PROBLEM TO WORK ON —
Every line below that carries the word "obtain" needs to be copied.

DATA SUPPLIED —
☆ ☆ ☆ ☆ ☆ ☆ ☆

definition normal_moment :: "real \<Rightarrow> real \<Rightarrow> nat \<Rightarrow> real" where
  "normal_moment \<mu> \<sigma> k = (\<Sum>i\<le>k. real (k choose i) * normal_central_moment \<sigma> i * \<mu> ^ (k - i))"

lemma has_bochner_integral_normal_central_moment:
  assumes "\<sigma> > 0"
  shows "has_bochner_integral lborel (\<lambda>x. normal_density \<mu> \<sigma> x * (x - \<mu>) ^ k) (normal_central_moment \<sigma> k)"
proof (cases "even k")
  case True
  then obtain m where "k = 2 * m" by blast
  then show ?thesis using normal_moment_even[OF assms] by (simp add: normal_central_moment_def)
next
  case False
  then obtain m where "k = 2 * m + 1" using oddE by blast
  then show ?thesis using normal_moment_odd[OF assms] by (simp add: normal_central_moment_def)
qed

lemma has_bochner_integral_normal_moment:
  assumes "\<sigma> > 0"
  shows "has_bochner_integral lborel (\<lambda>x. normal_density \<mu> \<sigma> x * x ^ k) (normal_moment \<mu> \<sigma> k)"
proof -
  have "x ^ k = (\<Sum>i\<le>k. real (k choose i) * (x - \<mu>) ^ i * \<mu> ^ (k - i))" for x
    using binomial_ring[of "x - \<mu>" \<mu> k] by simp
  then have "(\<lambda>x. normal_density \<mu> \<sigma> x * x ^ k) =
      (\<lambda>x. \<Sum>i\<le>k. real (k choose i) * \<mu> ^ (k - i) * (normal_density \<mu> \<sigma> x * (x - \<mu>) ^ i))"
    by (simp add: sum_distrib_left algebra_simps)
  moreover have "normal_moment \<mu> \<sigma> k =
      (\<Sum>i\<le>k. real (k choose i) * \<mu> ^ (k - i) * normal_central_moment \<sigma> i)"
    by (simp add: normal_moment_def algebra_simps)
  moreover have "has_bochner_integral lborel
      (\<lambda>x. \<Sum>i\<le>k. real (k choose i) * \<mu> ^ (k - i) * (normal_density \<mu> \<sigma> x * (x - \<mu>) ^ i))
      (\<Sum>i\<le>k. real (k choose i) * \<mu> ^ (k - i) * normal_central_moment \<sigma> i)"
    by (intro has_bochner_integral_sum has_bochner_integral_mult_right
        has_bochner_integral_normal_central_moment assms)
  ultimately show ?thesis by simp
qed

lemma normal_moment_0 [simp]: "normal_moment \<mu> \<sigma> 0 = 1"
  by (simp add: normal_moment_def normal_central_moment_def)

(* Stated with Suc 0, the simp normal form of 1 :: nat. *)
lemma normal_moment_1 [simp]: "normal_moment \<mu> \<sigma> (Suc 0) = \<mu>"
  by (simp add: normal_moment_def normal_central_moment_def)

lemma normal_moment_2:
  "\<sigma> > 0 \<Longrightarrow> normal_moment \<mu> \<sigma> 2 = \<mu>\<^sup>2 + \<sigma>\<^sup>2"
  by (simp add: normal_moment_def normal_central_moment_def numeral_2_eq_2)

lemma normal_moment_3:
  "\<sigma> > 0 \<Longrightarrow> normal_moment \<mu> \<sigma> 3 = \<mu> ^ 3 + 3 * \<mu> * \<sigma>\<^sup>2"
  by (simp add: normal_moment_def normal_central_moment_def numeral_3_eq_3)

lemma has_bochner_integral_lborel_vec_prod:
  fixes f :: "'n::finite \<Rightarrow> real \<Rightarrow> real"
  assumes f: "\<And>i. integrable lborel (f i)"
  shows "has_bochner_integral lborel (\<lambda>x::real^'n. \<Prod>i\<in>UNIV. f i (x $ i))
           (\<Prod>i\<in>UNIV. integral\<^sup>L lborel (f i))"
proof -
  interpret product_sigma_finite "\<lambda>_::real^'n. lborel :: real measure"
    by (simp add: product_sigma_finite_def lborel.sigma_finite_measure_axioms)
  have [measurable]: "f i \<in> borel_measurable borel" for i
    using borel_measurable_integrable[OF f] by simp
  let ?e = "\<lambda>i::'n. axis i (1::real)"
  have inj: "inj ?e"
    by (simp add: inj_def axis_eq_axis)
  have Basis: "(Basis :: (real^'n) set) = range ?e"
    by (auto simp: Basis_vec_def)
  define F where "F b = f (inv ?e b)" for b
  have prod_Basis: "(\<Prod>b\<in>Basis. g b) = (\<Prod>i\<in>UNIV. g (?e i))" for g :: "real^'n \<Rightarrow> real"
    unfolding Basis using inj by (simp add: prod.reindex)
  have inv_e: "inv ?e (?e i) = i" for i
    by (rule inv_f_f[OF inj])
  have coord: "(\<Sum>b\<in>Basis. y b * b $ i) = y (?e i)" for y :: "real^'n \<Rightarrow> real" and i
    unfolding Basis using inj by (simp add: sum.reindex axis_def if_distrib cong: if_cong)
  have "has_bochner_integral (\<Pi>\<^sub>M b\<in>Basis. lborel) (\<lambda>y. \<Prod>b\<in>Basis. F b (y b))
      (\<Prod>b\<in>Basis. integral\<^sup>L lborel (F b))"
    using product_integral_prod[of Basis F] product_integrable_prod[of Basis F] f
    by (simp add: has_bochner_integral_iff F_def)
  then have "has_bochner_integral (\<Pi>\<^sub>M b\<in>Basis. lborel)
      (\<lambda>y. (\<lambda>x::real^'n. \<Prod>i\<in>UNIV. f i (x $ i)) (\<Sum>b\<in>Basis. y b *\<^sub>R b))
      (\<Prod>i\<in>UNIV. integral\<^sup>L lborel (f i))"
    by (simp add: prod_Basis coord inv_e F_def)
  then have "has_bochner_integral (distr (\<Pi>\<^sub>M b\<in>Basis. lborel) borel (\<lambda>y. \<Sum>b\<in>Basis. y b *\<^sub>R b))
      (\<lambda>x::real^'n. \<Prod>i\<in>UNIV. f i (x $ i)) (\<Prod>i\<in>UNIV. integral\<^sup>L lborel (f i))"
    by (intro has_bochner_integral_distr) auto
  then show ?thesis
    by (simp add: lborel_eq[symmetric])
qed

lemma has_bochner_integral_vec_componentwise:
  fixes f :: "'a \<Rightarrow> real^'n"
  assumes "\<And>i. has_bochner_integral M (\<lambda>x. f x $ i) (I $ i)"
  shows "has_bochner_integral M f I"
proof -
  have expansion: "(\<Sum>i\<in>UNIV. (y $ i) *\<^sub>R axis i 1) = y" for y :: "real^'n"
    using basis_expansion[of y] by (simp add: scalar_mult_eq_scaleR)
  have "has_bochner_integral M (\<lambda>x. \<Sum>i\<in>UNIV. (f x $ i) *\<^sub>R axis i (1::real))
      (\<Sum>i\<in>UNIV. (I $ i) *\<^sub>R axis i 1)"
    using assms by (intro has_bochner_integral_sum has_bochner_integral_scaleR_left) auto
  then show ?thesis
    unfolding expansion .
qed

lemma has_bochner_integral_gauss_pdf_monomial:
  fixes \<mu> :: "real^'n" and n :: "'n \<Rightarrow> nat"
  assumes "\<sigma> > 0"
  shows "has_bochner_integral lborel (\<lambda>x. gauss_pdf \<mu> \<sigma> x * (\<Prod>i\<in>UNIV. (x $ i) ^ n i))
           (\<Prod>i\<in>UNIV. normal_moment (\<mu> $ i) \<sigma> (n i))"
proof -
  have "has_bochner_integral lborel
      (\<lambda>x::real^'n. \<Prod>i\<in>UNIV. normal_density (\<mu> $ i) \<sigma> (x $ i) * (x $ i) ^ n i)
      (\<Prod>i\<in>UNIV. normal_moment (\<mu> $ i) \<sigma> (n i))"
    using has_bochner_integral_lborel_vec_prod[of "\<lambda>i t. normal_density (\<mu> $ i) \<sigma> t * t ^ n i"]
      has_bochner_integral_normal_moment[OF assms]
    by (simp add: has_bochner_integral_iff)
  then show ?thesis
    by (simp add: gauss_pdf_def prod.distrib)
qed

☆ ☆ ☆ ☆ ☆ ☆ ☆

PROBLEM SOLUTION —
  then obtain m where "k = 2 * m" by blast
  then obtain m where "k = 2 * m + 1" using oddE by blast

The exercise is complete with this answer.